The main aim of the present study was to investigate the effect of neurofeedback training on Memory of migraine patients. The results showed that neorofeedback training improved memory of these subjects. several studies provided research’s result [15-20] In fact, neurofeedback is a mechanism for repair and reconstruction of brain waves. Patients could improve their wave’s pattern by continuous training, feedback and practice. It is a practice for brain and so with this training session the memory will be increased and the changes will become permanent gradually. There are evidences during recent 25 years, which show this learning phenomenon would be influenced by unconscious processes and person can learn without direct awareness [21]. As neurofeedback is based on learning and conditioning process (especially deals whit brain conditioning), its effect occurs after about 30 sessions [22]. The protocol which used in present study was to increasing SMR wave on Cz area (Sensory motor cortex and cingulate cortexes). Also, the patient who has difficulty in understanding logical continuity of cognitive function can use neurofeedback training on sensory motor cortex in left hemisphere (C3) and training on sensory motor cortex in right hemisphere (C4) could facilitate mixed answer. Cingulated system deals with excitement feeling, attention and working memory. So, increasing sensory-motor rhythm decrease unrelated motives and facilitates integrity of motives related to performance [23] and consequently, effects on conceptual memory directly [24]. In addition, in the study theta was inhibited on Cz area. Theta wave is related to confusion, inattention, imagination, depression and anxiety [25]. Therefore, it seems all researchers agree with this idea that increasing activity of slow theta is causing the problem and it could be solved by neurofeedback training [23].
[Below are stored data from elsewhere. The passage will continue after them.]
lemma vf_apply_compose:
  assumes F: "F differentiable (at (\<phi> x))" and \<phi>: "(\<phi> has_derivative D\<phi>) (at x)"
    and f: "\<forall>y\<in>M. f y = F y" and range: "range \<phi> \<subseteq> M"
    and line: "\<forall>t. \<phi> x + t *\<^sub>R Y (\<phi> x) \<in> M" and related: "D\<phi> (X x) = Y (\<phi> x)"
  shows "vf_apply X (\<lambda>x. f (\<phi> x)) x = vf_apply Y f (\<phi> x)"
proof -
  have F': "(F has_derivative frechet_derivative F (at (\<phi> x))) (at (\<phi> x))"
    using F frechet_derivative_works by blast
  have "frechet_derivative (\<lambda>x. F (\<phi> x)) (at x) = (\<lambda>v. frechet_derivative F (at (\<phi> x)) (D\<phi> v))"
    using has_derivative_compose[OF \<phi> F'] by (simp add: frechet_derivative_at[symmetric])
  moreover have "vf_apply X (\<lambda>x. f (\<phi> x)) x = frechet_derivative (\<lambda>x. F (\<phi> x)) (at x) (X x)"
    using F \<phi> f range
    by (intro vf_apply_eq_frechet_derivative differentiable_chain_at[of \<phi> x F, unfolded o_def])
       (auto simp: differentiable_def)
  moreover have "vf_apply Y f (\<phi> x) = frechet_derivative F (at (\<phi> x)) (Y (\<phi> x))"
    using F f line by (intro vf_apply_eq_frechet_derivative) auto
  ultimately show ?thesis using related by simp
qed

section \<open>Pulling back Darboux families\<close>

definition smooth_span :: "'a::euclidean_space set \<Rightarrow> ('a \<Rightarrow> real) list \<Rightarrow> ('a \<Rightarrow> real) set" where
  "smooth_span M fs =
     {g. smooth_on M g \<and> (\<exists>c::nat \<Rightarrow> real. \<forall>x\<in>M. g x = (\<Sum>i<length fs. c i * (fs!i) x))}"

text \<open>The lines through \<open>\<phi> x\<close> in direction \<open>Y (\<phi> x)\<close> must stay in \<open>M\<close>: \<open>vf_apply\<close> differentiates
  along them, and a function on \<open>M\<close> is only determined on \<open>M\<close>.\<close>

locale smooth_related_map =
  fixes \<phi> :: "'a::euclidean_space \<Rightarrow> 'b::euclidean_space" and D\<phi> :: "'a \<Rightarrow> 'a \<Rightarrow> 'b"
    and N :: "'a set" and M :: "'b set"
    and V :: "('a \<Rightarrow> 'a) set" and W :: "('b \<Rightarrow> 'b) set"
  assumes has_derivative: "\<And>x. (\<phi> has_derivative D\<phi> x) (at x)"
    and derivative_smooth: "\<And>v b. Cinf (\<lambda>x. D\<phi> x v \<bullet> b)"
    and range_subset: "range \<phi> \<subseteq> M"
    and related: "\<And>X. X \<in> V \<Longrightarrow>
       \<exists>Y\<in>W. \<forall>x\<in>N. D\<phi> x (X x) = Y (\<phi> x) \<and> (\<forall>t. \<phi> x + t *\<^sub>R Y (\<phi> x) \<in> M)"
begin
It is known from previous research that theta activity has an influence on the cellular mechanisms of memory through its role in facilitating long-term potentiation [26], and more recent studies have documented a link between recognition memory processes and theta activity recorded from the scalp [27]. Convincing evidence of the direct relationship between theta and working memory stems from data showing that, during the encoding phase of a recognition task, only words that were later correctly recognized exhibited a significant increase in theta activity [28]. In addition, during the later recognition phase, greater theta activity was found for correctly recognized words but not distracters. Based on research showing that working memory utilises the posterior association cortex, involved in the storage of sensory information, and the pre-frontal cortex which updates the information [29-31] one proposal is that theta activity links these two regions together during memory task [32].